### Aim of the task:
The lines wanted run from the first one below through the one with "3 mod 4, and". Return them exactly.

### Excerpted records:

════════

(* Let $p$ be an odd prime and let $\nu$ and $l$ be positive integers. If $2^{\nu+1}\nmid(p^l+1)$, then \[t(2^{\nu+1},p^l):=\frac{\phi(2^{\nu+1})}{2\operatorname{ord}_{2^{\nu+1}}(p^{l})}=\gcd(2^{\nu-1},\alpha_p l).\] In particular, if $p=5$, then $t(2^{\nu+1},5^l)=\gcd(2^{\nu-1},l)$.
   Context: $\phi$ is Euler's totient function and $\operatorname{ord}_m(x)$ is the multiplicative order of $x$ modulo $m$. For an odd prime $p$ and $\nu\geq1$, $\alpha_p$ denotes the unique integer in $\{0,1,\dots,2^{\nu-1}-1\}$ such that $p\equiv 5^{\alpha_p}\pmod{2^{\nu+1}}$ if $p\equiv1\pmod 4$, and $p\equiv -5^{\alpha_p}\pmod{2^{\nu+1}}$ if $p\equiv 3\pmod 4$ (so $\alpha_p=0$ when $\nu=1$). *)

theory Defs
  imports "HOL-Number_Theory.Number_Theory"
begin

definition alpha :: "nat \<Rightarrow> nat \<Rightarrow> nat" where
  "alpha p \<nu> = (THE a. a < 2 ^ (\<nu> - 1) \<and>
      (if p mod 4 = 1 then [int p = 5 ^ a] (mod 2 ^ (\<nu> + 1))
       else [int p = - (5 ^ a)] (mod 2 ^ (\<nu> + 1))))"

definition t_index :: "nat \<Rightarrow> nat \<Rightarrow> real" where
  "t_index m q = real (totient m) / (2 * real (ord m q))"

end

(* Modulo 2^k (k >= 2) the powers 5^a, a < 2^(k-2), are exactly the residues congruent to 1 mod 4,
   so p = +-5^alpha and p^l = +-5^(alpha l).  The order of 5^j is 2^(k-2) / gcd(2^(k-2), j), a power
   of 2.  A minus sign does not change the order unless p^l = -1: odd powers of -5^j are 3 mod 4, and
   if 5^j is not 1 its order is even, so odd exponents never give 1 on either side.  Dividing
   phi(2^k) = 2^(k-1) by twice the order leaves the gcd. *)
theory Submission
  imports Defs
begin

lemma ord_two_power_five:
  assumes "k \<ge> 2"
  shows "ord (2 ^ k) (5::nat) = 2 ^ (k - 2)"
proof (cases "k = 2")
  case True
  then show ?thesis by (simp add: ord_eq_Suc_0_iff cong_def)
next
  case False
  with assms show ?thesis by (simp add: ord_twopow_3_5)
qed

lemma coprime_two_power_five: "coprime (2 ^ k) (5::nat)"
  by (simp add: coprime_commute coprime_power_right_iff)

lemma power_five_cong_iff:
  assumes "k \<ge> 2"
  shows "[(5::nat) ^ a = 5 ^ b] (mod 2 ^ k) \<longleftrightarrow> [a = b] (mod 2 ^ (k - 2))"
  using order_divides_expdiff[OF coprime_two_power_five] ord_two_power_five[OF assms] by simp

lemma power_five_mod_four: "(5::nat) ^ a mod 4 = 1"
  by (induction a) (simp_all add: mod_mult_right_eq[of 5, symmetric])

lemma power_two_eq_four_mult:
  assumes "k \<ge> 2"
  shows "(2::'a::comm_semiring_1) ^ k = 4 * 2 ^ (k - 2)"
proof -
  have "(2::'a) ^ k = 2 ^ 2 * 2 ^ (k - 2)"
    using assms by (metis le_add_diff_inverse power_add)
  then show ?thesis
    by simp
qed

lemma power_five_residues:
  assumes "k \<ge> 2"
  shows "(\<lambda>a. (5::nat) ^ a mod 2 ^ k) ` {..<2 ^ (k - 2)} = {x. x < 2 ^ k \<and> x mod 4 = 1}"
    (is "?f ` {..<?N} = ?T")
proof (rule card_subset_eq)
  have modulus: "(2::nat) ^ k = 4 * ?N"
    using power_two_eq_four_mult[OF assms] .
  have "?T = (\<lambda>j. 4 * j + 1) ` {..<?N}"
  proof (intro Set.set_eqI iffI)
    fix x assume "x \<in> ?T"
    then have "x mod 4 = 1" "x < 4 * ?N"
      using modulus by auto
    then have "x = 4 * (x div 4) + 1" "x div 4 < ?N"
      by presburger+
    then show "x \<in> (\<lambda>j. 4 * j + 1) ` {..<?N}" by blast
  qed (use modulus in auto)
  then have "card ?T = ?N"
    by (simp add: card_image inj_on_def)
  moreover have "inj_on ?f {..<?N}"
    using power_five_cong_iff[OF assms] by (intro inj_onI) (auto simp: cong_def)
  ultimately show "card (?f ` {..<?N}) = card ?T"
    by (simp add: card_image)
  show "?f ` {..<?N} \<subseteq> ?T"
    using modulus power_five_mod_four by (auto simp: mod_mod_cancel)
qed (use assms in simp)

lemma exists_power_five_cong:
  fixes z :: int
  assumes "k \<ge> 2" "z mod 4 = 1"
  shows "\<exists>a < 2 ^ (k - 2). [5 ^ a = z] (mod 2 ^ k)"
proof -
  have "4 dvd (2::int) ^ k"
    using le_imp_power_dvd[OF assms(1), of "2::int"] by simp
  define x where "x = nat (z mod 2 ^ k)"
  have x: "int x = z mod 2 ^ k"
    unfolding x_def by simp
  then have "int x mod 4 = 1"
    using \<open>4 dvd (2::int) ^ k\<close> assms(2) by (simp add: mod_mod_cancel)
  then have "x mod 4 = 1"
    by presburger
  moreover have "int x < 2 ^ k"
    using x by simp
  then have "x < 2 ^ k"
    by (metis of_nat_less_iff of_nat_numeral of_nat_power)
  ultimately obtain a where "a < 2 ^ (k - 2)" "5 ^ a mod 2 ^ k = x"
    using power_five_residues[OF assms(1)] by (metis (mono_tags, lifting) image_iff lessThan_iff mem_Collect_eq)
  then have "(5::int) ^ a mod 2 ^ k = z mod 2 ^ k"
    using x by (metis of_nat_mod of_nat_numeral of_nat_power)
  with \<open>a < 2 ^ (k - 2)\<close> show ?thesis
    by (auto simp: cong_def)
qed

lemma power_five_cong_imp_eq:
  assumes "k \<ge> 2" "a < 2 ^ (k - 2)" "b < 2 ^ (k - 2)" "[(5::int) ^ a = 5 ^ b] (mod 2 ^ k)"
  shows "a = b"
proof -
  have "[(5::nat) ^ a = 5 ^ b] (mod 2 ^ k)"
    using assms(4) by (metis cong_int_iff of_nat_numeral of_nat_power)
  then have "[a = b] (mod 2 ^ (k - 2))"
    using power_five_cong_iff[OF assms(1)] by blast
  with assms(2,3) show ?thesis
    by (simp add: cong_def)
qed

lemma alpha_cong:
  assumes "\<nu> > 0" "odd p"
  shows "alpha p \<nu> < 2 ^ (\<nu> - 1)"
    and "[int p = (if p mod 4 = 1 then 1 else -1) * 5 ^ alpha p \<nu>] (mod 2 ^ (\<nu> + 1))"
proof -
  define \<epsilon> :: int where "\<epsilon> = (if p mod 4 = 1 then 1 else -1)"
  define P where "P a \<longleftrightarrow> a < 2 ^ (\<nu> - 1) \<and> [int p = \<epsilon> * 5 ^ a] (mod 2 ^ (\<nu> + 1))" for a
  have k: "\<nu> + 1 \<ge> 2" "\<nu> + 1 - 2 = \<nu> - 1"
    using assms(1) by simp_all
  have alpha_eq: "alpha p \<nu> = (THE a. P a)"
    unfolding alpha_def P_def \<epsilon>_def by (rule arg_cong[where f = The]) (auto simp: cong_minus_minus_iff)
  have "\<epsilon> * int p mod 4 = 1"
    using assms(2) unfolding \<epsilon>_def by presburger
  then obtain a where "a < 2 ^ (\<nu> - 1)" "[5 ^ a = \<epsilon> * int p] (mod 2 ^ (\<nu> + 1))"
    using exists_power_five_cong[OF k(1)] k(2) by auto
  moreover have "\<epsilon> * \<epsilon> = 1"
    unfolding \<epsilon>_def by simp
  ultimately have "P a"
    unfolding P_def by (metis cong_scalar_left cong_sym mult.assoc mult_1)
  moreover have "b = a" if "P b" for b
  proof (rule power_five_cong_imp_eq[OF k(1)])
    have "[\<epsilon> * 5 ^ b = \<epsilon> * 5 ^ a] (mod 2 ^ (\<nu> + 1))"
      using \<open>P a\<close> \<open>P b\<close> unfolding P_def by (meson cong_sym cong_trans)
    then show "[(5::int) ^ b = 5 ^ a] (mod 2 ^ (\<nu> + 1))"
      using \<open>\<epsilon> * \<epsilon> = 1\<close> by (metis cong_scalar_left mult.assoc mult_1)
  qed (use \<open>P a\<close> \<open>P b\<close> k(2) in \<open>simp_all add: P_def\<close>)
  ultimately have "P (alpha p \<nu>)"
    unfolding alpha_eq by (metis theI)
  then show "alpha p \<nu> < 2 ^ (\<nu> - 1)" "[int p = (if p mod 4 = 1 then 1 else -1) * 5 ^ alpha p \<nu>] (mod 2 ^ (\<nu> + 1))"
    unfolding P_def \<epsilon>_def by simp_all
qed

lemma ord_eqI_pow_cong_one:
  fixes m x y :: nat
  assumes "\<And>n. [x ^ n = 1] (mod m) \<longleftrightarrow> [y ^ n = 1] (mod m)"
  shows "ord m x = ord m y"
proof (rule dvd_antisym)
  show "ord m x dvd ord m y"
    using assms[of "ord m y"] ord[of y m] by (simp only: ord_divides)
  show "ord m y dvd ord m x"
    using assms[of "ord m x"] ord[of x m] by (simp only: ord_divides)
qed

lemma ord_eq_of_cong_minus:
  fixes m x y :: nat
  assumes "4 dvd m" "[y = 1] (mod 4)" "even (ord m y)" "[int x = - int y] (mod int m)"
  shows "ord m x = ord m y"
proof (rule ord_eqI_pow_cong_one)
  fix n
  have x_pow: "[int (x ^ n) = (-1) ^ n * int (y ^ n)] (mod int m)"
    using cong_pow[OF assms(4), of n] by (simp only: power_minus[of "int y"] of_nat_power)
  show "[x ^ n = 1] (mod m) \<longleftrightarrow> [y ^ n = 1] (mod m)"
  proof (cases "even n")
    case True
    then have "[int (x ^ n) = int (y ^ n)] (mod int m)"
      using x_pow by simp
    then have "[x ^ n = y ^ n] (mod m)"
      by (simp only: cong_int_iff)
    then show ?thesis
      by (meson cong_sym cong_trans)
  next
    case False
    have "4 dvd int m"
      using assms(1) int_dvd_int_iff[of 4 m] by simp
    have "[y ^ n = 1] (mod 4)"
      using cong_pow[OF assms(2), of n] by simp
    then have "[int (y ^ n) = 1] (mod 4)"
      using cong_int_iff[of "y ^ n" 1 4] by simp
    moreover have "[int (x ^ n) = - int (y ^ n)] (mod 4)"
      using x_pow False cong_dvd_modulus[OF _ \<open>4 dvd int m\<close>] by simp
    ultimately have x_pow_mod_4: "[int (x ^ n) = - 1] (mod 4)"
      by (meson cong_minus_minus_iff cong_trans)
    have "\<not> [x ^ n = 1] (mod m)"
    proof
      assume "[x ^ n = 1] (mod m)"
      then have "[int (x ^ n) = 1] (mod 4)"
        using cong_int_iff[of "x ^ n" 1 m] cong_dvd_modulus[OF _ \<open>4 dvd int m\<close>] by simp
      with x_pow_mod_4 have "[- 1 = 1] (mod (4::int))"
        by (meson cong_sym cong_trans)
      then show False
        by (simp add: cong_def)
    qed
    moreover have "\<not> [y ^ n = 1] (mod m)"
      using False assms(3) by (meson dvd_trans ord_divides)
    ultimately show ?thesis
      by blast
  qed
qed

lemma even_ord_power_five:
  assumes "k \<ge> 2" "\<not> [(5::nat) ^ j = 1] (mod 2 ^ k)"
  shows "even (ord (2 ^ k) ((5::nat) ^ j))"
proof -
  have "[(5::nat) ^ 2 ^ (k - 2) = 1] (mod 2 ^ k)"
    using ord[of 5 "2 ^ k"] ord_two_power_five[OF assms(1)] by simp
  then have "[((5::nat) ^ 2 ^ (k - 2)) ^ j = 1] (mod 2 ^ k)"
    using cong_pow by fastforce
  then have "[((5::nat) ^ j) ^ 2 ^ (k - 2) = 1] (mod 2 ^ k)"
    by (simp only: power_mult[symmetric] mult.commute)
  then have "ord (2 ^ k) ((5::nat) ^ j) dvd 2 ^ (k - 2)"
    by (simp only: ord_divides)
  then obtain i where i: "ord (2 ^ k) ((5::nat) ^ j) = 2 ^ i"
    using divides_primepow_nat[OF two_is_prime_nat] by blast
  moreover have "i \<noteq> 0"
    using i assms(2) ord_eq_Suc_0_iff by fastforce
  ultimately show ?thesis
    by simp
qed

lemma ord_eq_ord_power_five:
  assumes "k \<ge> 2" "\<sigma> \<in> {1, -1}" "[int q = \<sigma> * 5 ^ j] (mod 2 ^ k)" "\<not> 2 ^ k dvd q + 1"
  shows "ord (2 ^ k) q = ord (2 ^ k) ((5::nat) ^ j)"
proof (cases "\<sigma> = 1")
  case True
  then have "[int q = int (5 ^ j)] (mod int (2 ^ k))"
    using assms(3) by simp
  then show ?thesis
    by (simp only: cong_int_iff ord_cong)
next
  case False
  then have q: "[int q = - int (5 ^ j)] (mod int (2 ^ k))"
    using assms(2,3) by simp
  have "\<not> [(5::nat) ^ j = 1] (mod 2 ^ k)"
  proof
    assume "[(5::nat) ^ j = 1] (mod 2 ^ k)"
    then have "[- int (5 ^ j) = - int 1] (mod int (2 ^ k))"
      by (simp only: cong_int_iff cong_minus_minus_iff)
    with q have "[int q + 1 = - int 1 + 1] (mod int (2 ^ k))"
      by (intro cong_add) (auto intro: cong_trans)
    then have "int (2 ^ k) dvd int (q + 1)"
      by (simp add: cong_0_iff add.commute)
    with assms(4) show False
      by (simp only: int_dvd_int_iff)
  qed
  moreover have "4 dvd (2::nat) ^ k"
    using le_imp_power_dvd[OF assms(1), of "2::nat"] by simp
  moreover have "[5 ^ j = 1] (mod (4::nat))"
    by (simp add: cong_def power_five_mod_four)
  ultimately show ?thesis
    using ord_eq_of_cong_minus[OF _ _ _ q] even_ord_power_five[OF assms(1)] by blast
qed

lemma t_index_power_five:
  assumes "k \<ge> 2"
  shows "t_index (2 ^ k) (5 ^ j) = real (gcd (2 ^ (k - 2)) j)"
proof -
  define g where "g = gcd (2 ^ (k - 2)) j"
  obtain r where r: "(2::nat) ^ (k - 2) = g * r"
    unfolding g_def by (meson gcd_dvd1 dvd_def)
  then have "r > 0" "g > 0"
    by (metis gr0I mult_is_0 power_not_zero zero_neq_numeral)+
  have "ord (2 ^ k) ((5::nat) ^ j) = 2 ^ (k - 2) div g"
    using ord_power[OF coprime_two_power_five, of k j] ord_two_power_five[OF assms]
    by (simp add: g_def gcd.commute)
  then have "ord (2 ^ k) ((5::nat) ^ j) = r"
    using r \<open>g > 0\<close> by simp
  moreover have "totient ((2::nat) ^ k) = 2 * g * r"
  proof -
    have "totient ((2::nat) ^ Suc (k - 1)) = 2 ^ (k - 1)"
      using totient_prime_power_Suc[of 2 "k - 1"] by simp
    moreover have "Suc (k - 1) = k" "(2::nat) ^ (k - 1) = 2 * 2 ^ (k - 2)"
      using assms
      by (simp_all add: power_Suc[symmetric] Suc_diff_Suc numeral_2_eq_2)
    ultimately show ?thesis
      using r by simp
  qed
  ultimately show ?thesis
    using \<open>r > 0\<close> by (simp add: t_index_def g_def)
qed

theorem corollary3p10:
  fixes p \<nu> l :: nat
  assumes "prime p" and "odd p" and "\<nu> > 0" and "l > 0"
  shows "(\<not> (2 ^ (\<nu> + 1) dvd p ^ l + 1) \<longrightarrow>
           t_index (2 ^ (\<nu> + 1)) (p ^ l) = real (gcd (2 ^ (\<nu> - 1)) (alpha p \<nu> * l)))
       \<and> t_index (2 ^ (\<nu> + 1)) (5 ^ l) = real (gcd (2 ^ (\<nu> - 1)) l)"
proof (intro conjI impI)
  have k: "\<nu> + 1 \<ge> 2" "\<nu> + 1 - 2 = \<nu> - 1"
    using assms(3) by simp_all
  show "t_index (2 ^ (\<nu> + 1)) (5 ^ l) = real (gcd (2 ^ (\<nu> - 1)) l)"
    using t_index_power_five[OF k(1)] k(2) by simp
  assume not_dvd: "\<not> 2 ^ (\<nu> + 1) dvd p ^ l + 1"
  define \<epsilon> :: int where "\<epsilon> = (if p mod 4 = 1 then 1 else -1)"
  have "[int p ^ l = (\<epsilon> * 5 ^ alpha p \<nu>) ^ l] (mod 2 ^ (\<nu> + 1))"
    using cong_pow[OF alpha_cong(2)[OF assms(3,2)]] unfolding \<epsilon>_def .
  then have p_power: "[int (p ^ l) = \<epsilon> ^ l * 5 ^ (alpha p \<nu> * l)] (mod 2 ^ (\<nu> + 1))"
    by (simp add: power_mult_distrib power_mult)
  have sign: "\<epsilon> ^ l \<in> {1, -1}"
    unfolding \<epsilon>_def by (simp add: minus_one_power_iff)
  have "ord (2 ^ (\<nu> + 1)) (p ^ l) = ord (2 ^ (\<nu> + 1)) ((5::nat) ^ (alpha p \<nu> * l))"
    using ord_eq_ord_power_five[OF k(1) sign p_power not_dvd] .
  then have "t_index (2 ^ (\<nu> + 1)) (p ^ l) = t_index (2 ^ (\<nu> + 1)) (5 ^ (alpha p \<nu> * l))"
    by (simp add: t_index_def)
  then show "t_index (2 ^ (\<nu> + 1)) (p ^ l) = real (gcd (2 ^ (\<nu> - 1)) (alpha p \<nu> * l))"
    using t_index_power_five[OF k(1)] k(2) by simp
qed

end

════════

### Solution to this problem:
(* Let $p$ be an odd prime and let $\nu$ and $l$ be positive integers. If $2^{\nu+1}\nmid(p^l+1)$, then \[t(2^{\nu+1},p^l):=\frac{\phi(2^{\nu+1})}{2\operatorname{ord}_{2^{\nu+1}}(p^{l})}=\gcd(2^{\nu-1},\alpha_p l).\] In particular, if $p=5$, then $t(2^{\nu+1},5^l)=\gcd(2^{\nu-1},l)$.
   Context: $\phi$ is Euler's totient function and $\operatorname{ord}_m(x)$ is the multiplicative order of $x$ modulo $m$. For an odd prime $p$ and $\nu\geq1$, $\alpha_p$ denotes the unique integer in $\{0,1,\dots,2^{\nu-1}-1\}$ such that $p\equiv 5^{\alpha_p}\pmod{2^{\nu+1}}$ if $p\equiv1\pmod 4$, and $p\equiv -5^{\alpha_p}\pmod{2^{\nu+1}}$ if $p\equiv 3\pmod 4$ (so $\alpha_p=0$ when $\nu=1$). *)

theory Defs
  imports "HOL-Number_Theory.Number_Theory"
begin

definition alpha :: "nat \<Rightarrow> nat \<Rightarrow> nat" where
  "alpha p \<nu> = (THE a. a < 2 ^ (\<nu> - 1) \<and>
      (if p mod 4 = 1 then [int p = 5 ^ a] (mod 2 ^ (\<nu> + 1))
       else [int p = - (5 ^ a)] (mod 2 ^ (\<nu> + 1))))"

definition t_index :: "nat \<Rightarrow> nat \<Rightarrow> real" where
  "t_index m q = real (totient m) / (2 * real (ord m q))"

end

(* Modulo 2^k (k >= 2) the powers 5^a, a < 2^(k-2), are exactly the residues congruent to 1 mod 4,
   so p = +-5^alpha and p^l = +-5^(alpha l).  The order of 5^j is 2^(k-2) / gcd(2^(k-2), j), a power
   of 2.  A minus sign does not change the order unless p^l = -1: odd powers of -5^j are 3 mod 4, and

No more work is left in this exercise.